**Your objective**:
Return exactly the lines below, starting with the one that has "then show ?thesis using" and going on through the one that has "a. T (scaleC".

**Dataset**:

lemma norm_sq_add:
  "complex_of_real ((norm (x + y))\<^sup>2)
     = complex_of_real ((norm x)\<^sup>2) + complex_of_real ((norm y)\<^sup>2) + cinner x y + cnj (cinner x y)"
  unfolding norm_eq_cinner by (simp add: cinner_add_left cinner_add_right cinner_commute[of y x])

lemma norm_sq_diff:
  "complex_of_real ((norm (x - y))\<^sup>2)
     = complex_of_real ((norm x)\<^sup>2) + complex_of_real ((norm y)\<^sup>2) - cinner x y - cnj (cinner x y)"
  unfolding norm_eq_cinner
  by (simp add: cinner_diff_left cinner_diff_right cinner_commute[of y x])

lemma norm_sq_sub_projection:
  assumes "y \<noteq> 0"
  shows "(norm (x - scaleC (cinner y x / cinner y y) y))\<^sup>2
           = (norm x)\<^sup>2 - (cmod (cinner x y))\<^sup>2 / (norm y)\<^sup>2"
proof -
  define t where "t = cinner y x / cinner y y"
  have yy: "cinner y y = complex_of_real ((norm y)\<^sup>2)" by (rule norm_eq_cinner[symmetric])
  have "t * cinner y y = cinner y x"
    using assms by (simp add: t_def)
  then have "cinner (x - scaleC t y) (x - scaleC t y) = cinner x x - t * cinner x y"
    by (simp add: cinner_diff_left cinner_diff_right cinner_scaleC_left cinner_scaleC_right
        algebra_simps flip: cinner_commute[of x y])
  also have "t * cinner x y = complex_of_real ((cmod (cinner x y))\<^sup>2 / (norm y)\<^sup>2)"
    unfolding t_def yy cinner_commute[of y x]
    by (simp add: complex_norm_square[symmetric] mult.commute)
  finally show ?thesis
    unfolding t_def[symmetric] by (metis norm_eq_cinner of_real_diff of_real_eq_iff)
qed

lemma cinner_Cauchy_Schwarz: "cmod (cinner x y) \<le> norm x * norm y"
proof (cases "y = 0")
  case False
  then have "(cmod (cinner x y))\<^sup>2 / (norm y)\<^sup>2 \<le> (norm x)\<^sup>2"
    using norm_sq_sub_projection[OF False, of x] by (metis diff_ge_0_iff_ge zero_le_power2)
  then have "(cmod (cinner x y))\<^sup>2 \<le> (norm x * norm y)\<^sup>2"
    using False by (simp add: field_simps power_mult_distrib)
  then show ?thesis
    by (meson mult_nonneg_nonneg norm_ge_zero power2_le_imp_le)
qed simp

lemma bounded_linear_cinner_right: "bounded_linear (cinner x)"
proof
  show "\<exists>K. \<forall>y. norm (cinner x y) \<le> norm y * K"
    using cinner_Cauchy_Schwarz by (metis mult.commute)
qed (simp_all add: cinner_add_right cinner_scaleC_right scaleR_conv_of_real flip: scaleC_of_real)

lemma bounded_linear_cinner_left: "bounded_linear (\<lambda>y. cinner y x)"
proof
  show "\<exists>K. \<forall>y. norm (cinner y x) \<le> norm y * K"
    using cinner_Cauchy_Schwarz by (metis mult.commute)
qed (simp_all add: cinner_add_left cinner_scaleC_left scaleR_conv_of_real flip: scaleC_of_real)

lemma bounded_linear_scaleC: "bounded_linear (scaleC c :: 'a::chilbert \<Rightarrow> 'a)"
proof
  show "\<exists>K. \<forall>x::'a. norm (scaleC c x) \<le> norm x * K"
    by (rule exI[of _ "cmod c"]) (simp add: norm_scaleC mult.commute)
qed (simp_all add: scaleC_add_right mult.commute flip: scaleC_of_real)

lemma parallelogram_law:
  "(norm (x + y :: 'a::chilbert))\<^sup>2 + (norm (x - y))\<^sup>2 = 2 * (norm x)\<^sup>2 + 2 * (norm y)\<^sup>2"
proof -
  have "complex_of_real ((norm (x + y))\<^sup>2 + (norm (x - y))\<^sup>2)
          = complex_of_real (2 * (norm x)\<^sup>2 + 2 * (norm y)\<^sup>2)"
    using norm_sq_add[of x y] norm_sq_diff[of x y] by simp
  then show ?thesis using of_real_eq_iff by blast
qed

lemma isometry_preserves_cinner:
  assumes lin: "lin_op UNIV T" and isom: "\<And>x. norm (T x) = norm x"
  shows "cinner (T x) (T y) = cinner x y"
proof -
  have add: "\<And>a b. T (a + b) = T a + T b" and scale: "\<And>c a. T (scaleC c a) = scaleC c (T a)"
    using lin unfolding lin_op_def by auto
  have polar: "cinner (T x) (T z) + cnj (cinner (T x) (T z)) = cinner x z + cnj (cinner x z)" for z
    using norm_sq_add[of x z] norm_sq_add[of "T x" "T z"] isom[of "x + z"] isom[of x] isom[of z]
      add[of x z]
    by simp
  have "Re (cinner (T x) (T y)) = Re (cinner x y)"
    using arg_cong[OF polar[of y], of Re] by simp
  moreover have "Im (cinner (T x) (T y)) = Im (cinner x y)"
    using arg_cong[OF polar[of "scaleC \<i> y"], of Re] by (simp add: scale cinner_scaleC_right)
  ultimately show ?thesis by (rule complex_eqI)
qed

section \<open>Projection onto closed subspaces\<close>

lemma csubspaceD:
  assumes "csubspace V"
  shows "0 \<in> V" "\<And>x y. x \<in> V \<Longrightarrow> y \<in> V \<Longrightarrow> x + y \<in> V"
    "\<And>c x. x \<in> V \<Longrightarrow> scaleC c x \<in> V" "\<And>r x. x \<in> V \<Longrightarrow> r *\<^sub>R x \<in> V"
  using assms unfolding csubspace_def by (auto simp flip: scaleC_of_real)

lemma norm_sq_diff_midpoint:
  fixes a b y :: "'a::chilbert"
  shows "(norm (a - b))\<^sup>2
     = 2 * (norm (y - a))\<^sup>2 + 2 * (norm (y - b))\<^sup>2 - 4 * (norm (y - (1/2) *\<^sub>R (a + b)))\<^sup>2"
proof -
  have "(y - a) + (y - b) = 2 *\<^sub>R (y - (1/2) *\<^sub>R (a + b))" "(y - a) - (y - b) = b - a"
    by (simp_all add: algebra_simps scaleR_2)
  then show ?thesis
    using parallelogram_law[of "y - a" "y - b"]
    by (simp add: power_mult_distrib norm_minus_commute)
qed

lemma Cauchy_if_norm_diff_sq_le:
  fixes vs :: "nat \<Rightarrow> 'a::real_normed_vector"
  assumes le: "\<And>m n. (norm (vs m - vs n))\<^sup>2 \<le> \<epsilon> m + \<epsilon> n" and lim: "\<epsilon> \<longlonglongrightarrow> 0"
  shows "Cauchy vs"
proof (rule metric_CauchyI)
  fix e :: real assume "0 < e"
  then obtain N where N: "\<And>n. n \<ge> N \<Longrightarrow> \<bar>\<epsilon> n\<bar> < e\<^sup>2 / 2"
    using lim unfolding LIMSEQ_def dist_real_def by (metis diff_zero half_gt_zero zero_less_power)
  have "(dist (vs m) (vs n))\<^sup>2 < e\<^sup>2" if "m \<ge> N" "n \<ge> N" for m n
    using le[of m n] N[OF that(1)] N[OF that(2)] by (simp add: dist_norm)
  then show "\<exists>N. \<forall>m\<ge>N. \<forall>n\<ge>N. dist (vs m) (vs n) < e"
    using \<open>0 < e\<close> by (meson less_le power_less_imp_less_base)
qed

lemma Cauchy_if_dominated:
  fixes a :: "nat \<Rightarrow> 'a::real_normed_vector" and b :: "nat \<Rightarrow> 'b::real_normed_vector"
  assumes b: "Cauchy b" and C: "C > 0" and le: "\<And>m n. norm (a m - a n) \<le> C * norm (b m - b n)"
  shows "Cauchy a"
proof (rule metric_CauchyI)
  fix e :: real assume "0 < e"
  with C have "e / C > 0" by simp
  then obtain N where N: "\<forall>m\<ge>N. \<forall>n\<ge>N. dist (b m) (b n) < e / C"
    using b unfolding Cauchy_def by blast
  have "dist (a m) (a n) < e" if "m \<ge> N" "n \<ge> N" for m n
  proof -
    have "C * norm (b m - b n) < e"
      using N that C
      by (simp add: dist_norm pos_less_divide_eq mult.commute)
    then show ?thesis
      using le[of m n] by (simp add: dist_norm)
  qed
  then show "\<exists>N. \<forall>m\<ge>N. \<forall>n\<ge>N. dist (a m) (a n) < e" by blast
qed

**Solution to this task**:
  then show ?thesis using of_real_eq_iff by blast
qed

lemma isometry_preserves_cinner:
  assumes lin: "lin_op UNIV T" and isom: "\<And>x. norm (T x) = norm x"
  shows "cinner (T x) (T y) = cinner x y"
proof -
  have add: "\<And>a b. T (a + b) = T a + T b" and scale: "\<And>c a. T (scaleC c a) = scaleC c (T a)"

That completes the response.